Large amounts of electrical energy were pumped thorough fiber optics or crystals doped with exotic materials like ytterbium and neodymium.
The crystals emitted intense beams of light that were focused and aligned by a unit called a waveguide.
The laser’s power was determined by how much energy went into it and how focused the beam was.
One-kilowatt lasers could be used for welding, or to cut through steel forms. Five-hundred-kilowatt lasers could be used to shoot down drones and small aircraft at a distance of several miles.
At maximum power, the EAGL generated five thousand megawatts.
A thousand times the power of those other systems. It did this via a combination of scientific tricks, including shortening the pulse and combining it with other pulses of different wavelengths, all of which could occupy the same space at the same time.

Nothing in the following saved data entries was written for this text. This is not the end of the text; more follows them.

(* Let $\epsilon>0$ (or any complex $\epsilon$), $n\in\mathbb{Z}$, and $\vec n=(n,\dots,n)\in\mathbb{Z}^k$. Then $$(\epsilon-z_2)(\epsilon-z_3)\cdots(\epsilon-z_k)\ \overset{\vec n}{\approx}\ \sum_{i=0}^{k-1}c_\epsilon(k,i)(\epsilon-z_1)\cdots(\epsilon-z_i),\qquad c_\epsilon(k,i)=\epsilon^{k-i-1}q^i\frac{(q;q)_{k-1}}{(q;q)_i},$$ where the $i=0$ term of the product is $1$.
   Context: Fix $q\in(0,1)$, $k\ge1$; $(a;q)_n=\prod_{i=0}^{n-1}(1-q^ia)$. For $\vec n\in\mathbb{Z}^k$ and two functions $f,g:\mathbb{C}^k\to\mathbb{C}$, write $f\overset{\vec n}{\approx}g$ if, identically in $\vec z$ (as rational functions), $$\sum_{\sigma\in S_k}\prod_{1\le B<A\le k}\frac{z_{\sigma(A)}-q^{-1}z_{\sigma(B)}}{z_{\sigma(A)}-z_{\sigma(B)}}\prod_{j=1}^k(\epsilon-z_{\sigma(j)})^{n_j}\Big(f(z_{\sigma(1)},\dots,z_{\sigma(k)})-g(z_{\sigma(1)},\dots,z_{\sigma(k)})\Big)=0.$$ *)

theory Defs
  imports Complex_Main "HOL-Combinatorics.Permutations"
begin

definition qpoch :: "complex \<Rightarrow> complex \<Rightarrow> nat \<Rightarrow> complex" where
  "qpoch a q n = (\<Prod>i<n. 1 - q ^ i * a)"

text \<open>Variables are indexed 1..k (z :: nat => complex, only
  z 1, ..., z k matter). Identity "as rational functions" is rendered as equality at every
  point where the expression is defined: pairwise distinct coordinates, and (if some
  exponent is negative) all coordinates different from eps.\<close>
definition qapprox ::
  "real \<Rightarrow> complex \<Rightarrow> nat \<Rightarrow> (nat \<Rightarrow> int) \<Rightarrow> ((nat \<Rightarrow> complex) \<Rightarrow> complex)
     \<Rightarrow> ((nat \<Rightarrow> complex) \<Rightarrow> complex) \<Rightarrow> bool" where
  "qapprox q eps k ns f g \<longleftrightarrow>
     (\<forall>z :: nat \<Rightarrow> complex.
        (\<forall>i\<in>{1..k}. \<forall>j\<in>{1..k}. i \<noteq> j \<longrightarrow> z i \<noteq> z j) \<longrightarrow>
        ((\<exists>j\<in>{1..k}. ns j < 0) \<longrightarrow> (\<forall>i\<in>{1..k}. z i \<noteq> eps)) \<longrightarrow>
        (\<Sum>\<sigma>\<in>{\<sigma>. \<sigma> permutes {1..k}}.
            (\<Prod>A\<in>{1..k}. \<Prod>B\<in>{1..<A}.
                (z (\<sigma> A) - inverse (complex_of_real q) * z (\<sigma> B)) / (z (\<sigma> A) - z (\<sigma> B)))
          * (\<Prod>j\<in>{1..k}. (eps - z (\<sigma> j)) powi ns j)
          * (f (z \<circ> \<sigma>) - g (z \<circ> \<sigma>))) = 0)"

end

theory Submission
  imports Defs
begin

text \<open>The exponent factor \<open>\<Prod>(\<epsilon> - z\<^sub>j)^n\<close> is symmetric and factors out, so it
  suffices to show that the \<open>q\<close>-symmetrization annihilates the difference of the two sides.
  With \<open>Q = q\<close>, it annihilates \<open>(Q z\<^sub>t - z\<^sub>t\<^sub>+\<^sub>1) g\<close> whenever \<open>g\<close> is invariant under swapping
  \<open>z\<^sub>t\<close> and \<open>z\<^sub>t\<^sub>+\<^sub>1\<close>, because the summands for \<open>\<sigma>\<close> and \<open>\<sigma>\<close> composed with that swap
  cancel. Telescoping, \<open>z\<^sub>a\<^sub>+\<^sub>d\<close> may be replaced by \<open>Q^d z\<^sub>a\<close> in front of any factor
  symmetric in \<open>z\<^sub>a, \<dots>, z\<^sub>a\<^sub>+\<^sub>d\<close>. By induction on \<open>m\<close>: multiply the identity for
  \<open>\<Prod>\<^sub>j\<^sub>=\<^sub>2\<^sup>m (\<epsilon> - z\<^sub>j)\<close> by \<open>\<epsilon> - z\<^sub>m\<^sub>+\<^sub>1\<close>, which is symmetric in \<open>z\<^sub>1, \<dots>, z\<^sub>m\<close>,
  and in the \<open>i\<close>-th term replace \<open>z\<^sub>m\<^sub>+\<^sub>1\<close> by \<open>Q^(m-i) z\<^sub>i\<^sub>+\<^sub>1\<close>; the coefficients
  \<open>c(m, i)\<close> satisfy exactly the resulting \<open>q\<close>-Pascal recurrence.\<close>

definition qweight :: "complex \<Rightarrow> nat \<Rightarrow> (nat \<Rightarrow> complex) \<Rightarrow> (nat \<Rightarrow> nat) \<Rightarrow> complex" where
  "qweight Q k z \<sigma> =
     (\<Prod>A\<in>{1..k}. \<Prod>B\<in>{1..<A}. (z (\<sigma> A) - inverse Q * z (\<sigma> B)) / (z (\<sigma> A) - z (\<sigma> B)))"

It didn’t burn through an object as much as it vaporized everything in its path and exploded out the other side.
The key to creating and harnessing such devastating power came from the materials used in the diode and the advanced structure of the EAGL’s waveguide.
Once those were removed the rest was just a high-energy but relatively standard laser system.
Reaching the far side of the clear cylinder, Joe found the hatch that would allow him to step inside. Releasing three clamps unsealed the door. He slid it to the right, ducked his head, and stepped inside the cylinder.
From the tool kit, he pulled several work lights, setting them up around him in a way that blanketed the laser unit with light.
Double-checking the schematic, he located the outer panel covering the waveguide unit.
He climbed up two rungs on a ladder attached to the cylinder and took a powered screwdriver to the bolts holding the panel in place.
Twelve screws came out with machined precision. Out of habit, Joe tucked them in his pocket, even though he had no intention of replacing the panel. Putting the screwdriver back in his pocket, he placed both hands on the panel and pulled. It came loose with a click.
He laid it gently on the deck and then looked back inside the compartment. He found a wiring harness and heavy-duty electrical cables on one side. On the other side, an optical comb connected with a dozen bundles of fiber-optic cable could be seen. In the middle…
In the middle there was nothing.
Joe grabbed the schematic and looked over the cutaway diagram once more just to be sure. His shoulders sagged and he shook his head in disgust. Tapping the headset, he spoke his thoughts aloud. “Kurt, we have a problem.”
Getting no response, he tried again. Then he remembered the entire weapons compartment was shielded from electromagnetic waves to prevent interference with the laser’s functionality. That effect went both ways. Keeping signals out and others blocked in.
A quick check revealed more missing components, including the boxes that housed the diodes and the emitter partition. Every item they’d been told to retrieve was already gone.
Joe hopped off the ladder and landed on the deck. Ducking out of the clear cylindrical compartment, he ran forward, leaving the work lights and the toolbox behind, grabbing only the satchel containing the schematics. He needed to find Kurt so he could deliver the bad news in person.